- [ACTIVITY] State the count of lines below featuring the word "exists", and write nothing further.

- [Stored data entries]

■ ■ ■ ■ ■

(* Let $\mathcal M\subseteq\bigcup_{K\ge1}\mathcal F_K\times\mathcal Q_K$ satisfy: (1) $K(F)<M$ for all $(F,Q)\in\mathcal M$; (2) for every $(F,Q)\in\mathcal M$, $\mathcal F_{K(F)}^{\mathrm{an}}\times\{Q\}\subseteq\mathcal M$. Then $\mathcal M$ is identifiable if and only if (a) for all $(F^1,Q^1),(F^2,Q^2)\in\mathcal M$ with $F^1Q^1=F^2Q^2$ we have $\mathrm{cone}(Q^1)=\mathrm{cone}(Q^2)$, and (b) for every $(F,Q)\in\mathcal M$ the rows of $Q$ are linearly independent.
   Context: Fix positive integers $M$ and $N$. For a positive integer $K$, $\mathcal F_K$ is the set of real $M\times K$ matrices with all entries in $[0,1]$, and $\mathcal Q_K$ is the set of real $K\times N$ matrices with entries in $[0,1]$ each of whose columns sums to $1$. $K(F)$ is the number of columns of $F$. $\mathcal F_K^{\mathrm{an}}$ is the set of $F\in\mathcal F_K$ such that for every $k\in\{1,\dots,K\}$ there is a row $s$ with $F_{sk}>0$ and $F_{s\ell}=0$ for all $\ell\ne k$. For a matrix $A$ with nonnegative entries, $\mathrm{cone}(A)$ is the set of all linear combinations with nonnegative coefficients of the rows of $A$. $(F^1,Q^1)\sim(F^2,Q^2)$ means $F^1,F^2$ have the same number $K$ of columns and there is a permutation $\pi$ of $\{1,\dots,K\}$ with $F^2_{sk}=F^1_{s\pi(k)}$ and $Q^2_{ki}=Q^1_{\pi(k)i}$ for all $s,k,i$. $\mathcal M$ is identifiable if for all $(F^1,Q^1),(F^2,Q^2)\in\mathcal M$, $F^1Q^1=F^2Q^2$ implies $(F^1,Q^1)\sim(F^2,Q^2)$. *)

theory Defs
  imports "Jordan_Normal_Form.Matrix"
begin

(* Matrices are JNF matrices; indices are 0-based (row s < M, column k < K). *)

definition Fset :: "nat \<Rightarrow> nat \<Rightarrow> real mat set" where
  "Fset M K = {F \<in> carrier_mat M K.
     \<forall>s<M. \<forall>k<K. 0 \<le> F $$ (s,k) \<and> F $$ (s,k) \<le> 1}"

definition Qset :: "nat \<Rightarrow> nat \<Rightarrow> real mat set" where
  "Qset K N = {Q \<in> carrier_mat K N.
     (\<forall>k<K. \<forall>i<N. 0 \<le> Q $$ (k,i) \<and> Q $$ (k,i) \<le> 1) \<and>
     (\<forall>i<N. (\<Sum>k<K. Q $$ (k,i)) = 1)}"

definition Fan :: "nat \<Rightarrow> nat \<Rightarrow> real mat set" where
  "Fan M K = {F \<in> Fset M K.
     \<forall>k<K. \<exists>s<M. F $$ (s,k) > 0 \<and> (\<forall>l<K. l \<noteq> k \<longrightarrow> F $$ (s,l) = 0)}"

definition cone_rows :: "real mat \<Rightarrow> real vec set" where
  "cone_rows A = {v. \<exists>c::nat \<Rightarrow> real. (\<forall>i<dim_row A. 0 \<le> c i) \<and>
      v = vec (dim_col A) (\<lambda>j. \<Sum>i<dim_row A. c i * A $$ (i,j))}"

definition rows_lin_indep :: "real mat \<Rightarrow> bool" where
  "rows_lin_indep Q \<longleftrightarrow> (\<forall>c::nat \<Rightarrow> real.
     (\<forall>j<dim_col Q. (\<Sum>k<dim_row Q. c k * Q $$ (k,j)) = 0) \<longrightarrow> (\<forall>k<dim_row Q. c k = 0))"

definition perm_equiv :: "real mat \<times> real mat \<Rightarrow> real mat \<times> real mat \<Rightarrow> bool" where
  "perm_equiv p1 p2 \<longleftrightarrow> (case p1 of (F1,Q1) \<Rightarrow> case p2 of (F2,Q2) \<Rightarrow>
     dim_col F1 = dim_col F2 \<and>
     (\<exists>\<pi>. \<pi> permutes {..<dim_col F1} \<and>
        (\<forall>s<dim_row F1. \<forall>k<dim_col F1. F2 $$ (s,k) = F1 $$ (s, \<pi> k)) \<and>
        (\<forall>k<dim_col F1. \<forall>i<dim_col Q1. Q2 $$ (k,i) = Q1 $$ (\<pi> k, i))))"

definition identifiable :: "(real mat \<times> real mat) set \<Rightarrow> bool" where
  "identifiable \<M> \<longleftrightarrow> (\<forall>F1 Q1 F2 Q2. (F1,Q1) \<in> \<M> \<longrightarrow> (F2,Q2) \<in> \<M> \<longrightarrow>
      F1 * Q1 = F2 * Q2 \<longrightarrow> perm_equiv (F1,Q1) (F2,Q2))"

end

theory Submission
  imports Defs
begin

(* If (F1,Q1) ~ (F2,Q2) then Q2 is a row permutation of Q1, so identifiability gives equal
   cones. It also forces independent rows of Q: since K < M, the matrices whose first K rows
   are the unit rows and whose remaining rows are constant 1/2, respectively 1/2 + c, both lie
   in F^an, and if c is a linear dependence of the rows of Q they give the same product with Q
   without being column permutations of each other.

   Conversely, equal cones give Q2 = A Q1 and Q1 = B Q2 with A, B nonnegative. Independence of
   the rows makes A and B mutually inverse, and a nonnegative matrix with nonnegative inverse
   has exactly one nonzero entry in each row and column. As the columns of Q1 and Q2 sum to 1,
   A is then a permutation matrix, and independence of the rows of Q2 recovers F2 from
   F1 Q1 = F2 Q2. *)

definition nonneg_mat :: "real mat \<Rightarrow> bool" where
  "nonneg_mat A \<longleftrightarrow> (\<forall>i<dim_row A. \<forall>j<dim_col A. 0 \<le> A $$ (i,j))"

definition perm_mat :: "nat \<Rightarrow> (nat \<Rightarrow> nat) \<Rightarrow> real mat" where
  "perm_mat n \<pi> = mat n n (\<lambda>(i,j). of_bool (j = \<pi> i))"

definition permute_cols :: "real mat \<Rightarrow> (nat \<Rightarrow> nat) \<Rightarrow> real mat" where
  "permute_cols F \<pi> = mat (dim_row F) (dim_col F) (\<lambda>(s,k). F $$ (s, \<pi> k))"

lemma index_mult_mat_sum:
  assumes "A \<in> carrier_mat m n" "B \<in> carrier_mat n p" "i < m" "k < p"
  shows "(A * B) $$ (i,k) = (\<Sum>j<n. A $$ (i,j) * B $$ (j,k))"
  using assms by (simp add: scalar_prod_def atLeast0LessThan)

lemma perm_mat_mult:
  assumes "\<pi> permutes {..<n}" "Q \<in> carrier_mat n m"
  shows "perm_mat n \<pi> * Q = mat n m (\<lambda>(i,k). Q $$ (\<pi> i, k))" (is "_ = ?P")
proof (rule eq_matI)
  fix i k assume "i < dim_row ?P" "k < dim_col ?P"
  then have i: "i < n" and k: "k < m" by auto
  have "\<pi> i < n" using permutes_in_image[OF assms(1), of i] i by simp
  have "(perm_mat n \<pi> * Q) $$ (i,k) = (\<Sum>j<n. perm_mat n \<pi> $$ (i,j) * Q $$ (j,k))"
    using i k assms(2) by (intro index_mult_mat_sum) (auto simp: perm_mat_def)
  also have "\<dots> = Q $$ (\<pi> i, k)"
    using i \<open>\<pi> i < n\<close> by (simp add: perm_mat_def)
  finally show "(perm_mat n \<pi> * Q) $$ (i,k) = ?P $$ (i,k)"
    using i k by simp
qed (use assms in \<open>auto simp: perm_mat_def\<close>)

lemma permute_cols_mult_perm_mat:
  assumes "\<pi> permutes {..<n}" "F \<in> carrier_mat m n"
  shows "permute_cols F \<pi> * perm_mat n \<pi> = F"
proof (rule eq_matI)
  fix s j assume "s < dim_row F" "j < dim_col F"
  then have s: "s < m" and j: "j < n" using assms(2) by auto
  have "(permute_cols F \<pi> * perm_mat n \<pi>) $$ (s,j) =
      (\<Sum>k<n. permute_cols F \<pi> $$ (s,k) * perm_mat n \<pi> $$ (k,j))"
    using s j assms(2) by (intro index_mult_mat_sum) (auto simp: permute_cols_def perm_mat_def)
  also have "\<dots> = (\<Sum>k<n. F $$ (s, \<pi> k) * of_bool (j = \<pi> k))"
    using s j assms(2) by (intro sum.cong) (auto simp: permute_cols_def perm_mat_def)
  also have "\<dots> = (\<Sum>k<n. F $$ (s, k) * of_bool (j = k))"
    using sum.reindex_bij_betw[OF permutes_imp_bij[OF assms(1)], of "\<lambda>k. F $$ (s,k) * of_bool (j = k)"]
    by simp
  also have "\<dots> = F $$ (s,j)" using j by simp
  finally show "(permute_cols F \<pi> * perm_mat n \<pi>) $$ (s,j) = F $$ (s,j)" .
qed (use assms in \<open>auto simp: permute_cols_def perm_mat_def\<close>)

lemma perm_equiv_iff:
  assumes "F1 \<in> carrier_mat M K1" "Q1 \<in> carrier_mat K1 N"
    and "F2 \<in> carrier_mat M K2" "Q2 \<in> carrier_mat K2 N"
  shows "perm_equiv (F1,Q1) (F2,Q2) \<longleftrightarrow> K1 = K2 \<and>
    (\<exists>\<pi>. \<pi> permutes {..<K1} \<and> F2 = permute_cols F1 \<pi> \<and> Q2 = perm_mat K1 \<pi> * Q1)"
proof -
  have F: "F2 = permute_cols F1 \<pi> \<longleftrightarrow> (\<forall>s<M. \<forall>k<K1. F2 $$ (s,k) = F1 $$ (s, \<pi> k))"
    if "K1 = K2" for \<pi>
    using assms that by (auto simp: mat_eq_iff permute_cols_def)
  have Q: "Q2 = perm_mat K1 \<pi> * Q1 \<longleftrightarrow> (\<forall>k<K1. \<forall>i<N. Q2 $$ (k,i) = Q1 $$ (\<pi> k, i))"
    if "K1 = K2" "\<pi> permutes {..<K1}" for \<pi>
  proof -
    have "perm_mat K1 \<pi> * Q1 = mat K1 N (\<lambda>(k,i). Q1 $$ (\<pi> k, i))"
      using perm_mat_mult that(2) assms(2) .
    then show ?thesis using assms(4) that(1) by (auto simp: mat_eq_iff)
  qed
  have "perm_equiv (F1,Q1) (F2,Q2) \<longleftrightarrow> K1 = K2 \<and> (\<exists>\<pi>. \<pi> permutes {..<K1} \<and>
      (\<forall>s<M. \<forall>k<K1. F2 $$ (s,k) = F1 $$ (s, \<pi> k)) \<and>
      (\<forall>k<K1. \<forall>i<N. Q2 $$ (k,i) = Q1 $$ (\<pi> k, i)))"
    using assms unfolding perm_equiv_def by auto
  then show ?thesis using F Q by blast
qed

lemma rows_lin_indep_mult_cancel:
  assumes "rows_lin_indep Q" "X \<in> carrier_mat m (dim_row Q)" "Y \<in> carrier_mat m (dim_row Q)"
    and "X * Q = Y * Q"
  shows "X = Y"
proof (rule eq_matI)
  fix s k assume s: "s < dim_row Y" and k: "k < dim_col Y"
  define c where "c l = X $$ (s,l) - Y $$ (s,l)" for l
  have "(\<Sum>l<dim_row Q. c l * Q $$ (l,j)) = 0" if j: "j < dim_col Q" for j
  proof -
    have "(X * Q) $$ (s,j) = (Y * Q) $$ (s,j)" using assms(4) by simp
    then show ?thesis
      using assms(2,3) s j by (simp add: index_mult_mat_sum[of _ m "dim_row Q" _ "dim_col Q"]
          c_def left_diff_distrib sum_subtractf del: index_mult_mat)
  qed
  then have "c k = 0"
    using assms(1,3) k unfolding rows_lin_indep_def by auto
  then show "X $$ (s,k) = Y $$ (s,k)" by (simp add: c_def)
qed (use assms in auto)

lemma mutual_factors_mult_eq_one:
  assumes "rows_lin_indep Q2" "A \<in> carrier_mat m n" "B \<in> carrier_mat n m" "Q2 \<in> carrier_mat m N"
    and "Q2 = A * Q1" "Q1 = B * Q2"
  shows "A * B = 1\<^sub>m m"
proof (rule rows_lin_indep_mult_cancel[OF assms(1)])
  have "(A * B) * Q2 = A * (B * Q2)" using assms(2-4) by (rule assoc_mult_mat)
  also have "\<dots> = 1\<^sub>m m * Q2" using assms(4) by (simp add: assms(5,6)[symmetric])
  finally show "(A * B) * Q2 = 1\<^sub>m m * Q2" .
qed (use assms(2-4) in auto)

lemma row_in_cone_rows:
  assumes "k < dim_row Q"
  shows "row Q k \<in> cone_rows Q"
  unfolding cone_rows_def
  by (rule CollectI, rule exI[of _ "\<lambda>i. of_bool (i = k)"]) (use assms in \<open>auto simp: Int_insert_right\<close>)

lemma cone_rows_mult_subset:
  assumes "nonneg_mat A" "A \<in> carrier_mat m (dim_row Q)"
  shows "cone_rows (A * Q) \<subseteq> cone_rows Q"
proof
  fix v assume "v \<in> cone_rows (A * Q)"
  then obtain c where c: "\<forall>i<m. 0 \<le> c i"
    and v: "v = vec (dim_col Q) (\<lambda>j. \<Sum>i<m. c i * (A * Q) $$ (i,j))"
    using assms(2) unfolding cone_rows_def by auto
  define d where "d l = (\<Sum>i<m. c i * A $$ (i,l))" for l
  have "(\<Sum>i<m. c i * (A * Q) $$ (i,j)) = (\<Sum>l<dim_row Q. d l * Q $$ (l,j))" if "j < dim_col Q" for j
  proof -
    have "(\<Sum>i<m. c i * (A * Q) $$ (i,j)) = (\<Sum>i<m. \<Sum>l<dim_row Q. c i * A $$ (i,l) * Q $$ (l,j))"
      using assms(2) that
      by (simp add: index_mult_mat_sum[of _ m "dim_row Q" _ "dim_col Q"] sum_distrib_left mult.assoc
          del: index_mult_mat)
    also have "\<dots> = (\<Sum>l<dim_row Q. \<Sum>i<m. c i * A $$ (i,l) * Q $$ (l,j))"
      by (rule sum.swap)
    also have "\<dots> = (\<Sum>l<dim_row Q. d l * Q $$ (l,j))"
      by (simp add: d_def sum_distrib_right)
    finally show ?thesis .
  qed
  then have "v = vec (dim_col Q) (\<lambda>j. \<Sum>l<dim_row Q. d l * Q $$ (l,j))"
    using v by auto
  moreover have "0 \<le> d l" if "l < dim_row Q" for l
    using assms c that unfolding d_def nonneg_mat_def by (auto intro!: sum_nonneg)
  ultimately show "v \<in> cone_rows Q" unfolding cone_rows_def by auto
qed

■ ■ ■ ■ ■

- [OUTPUT BELOW] 5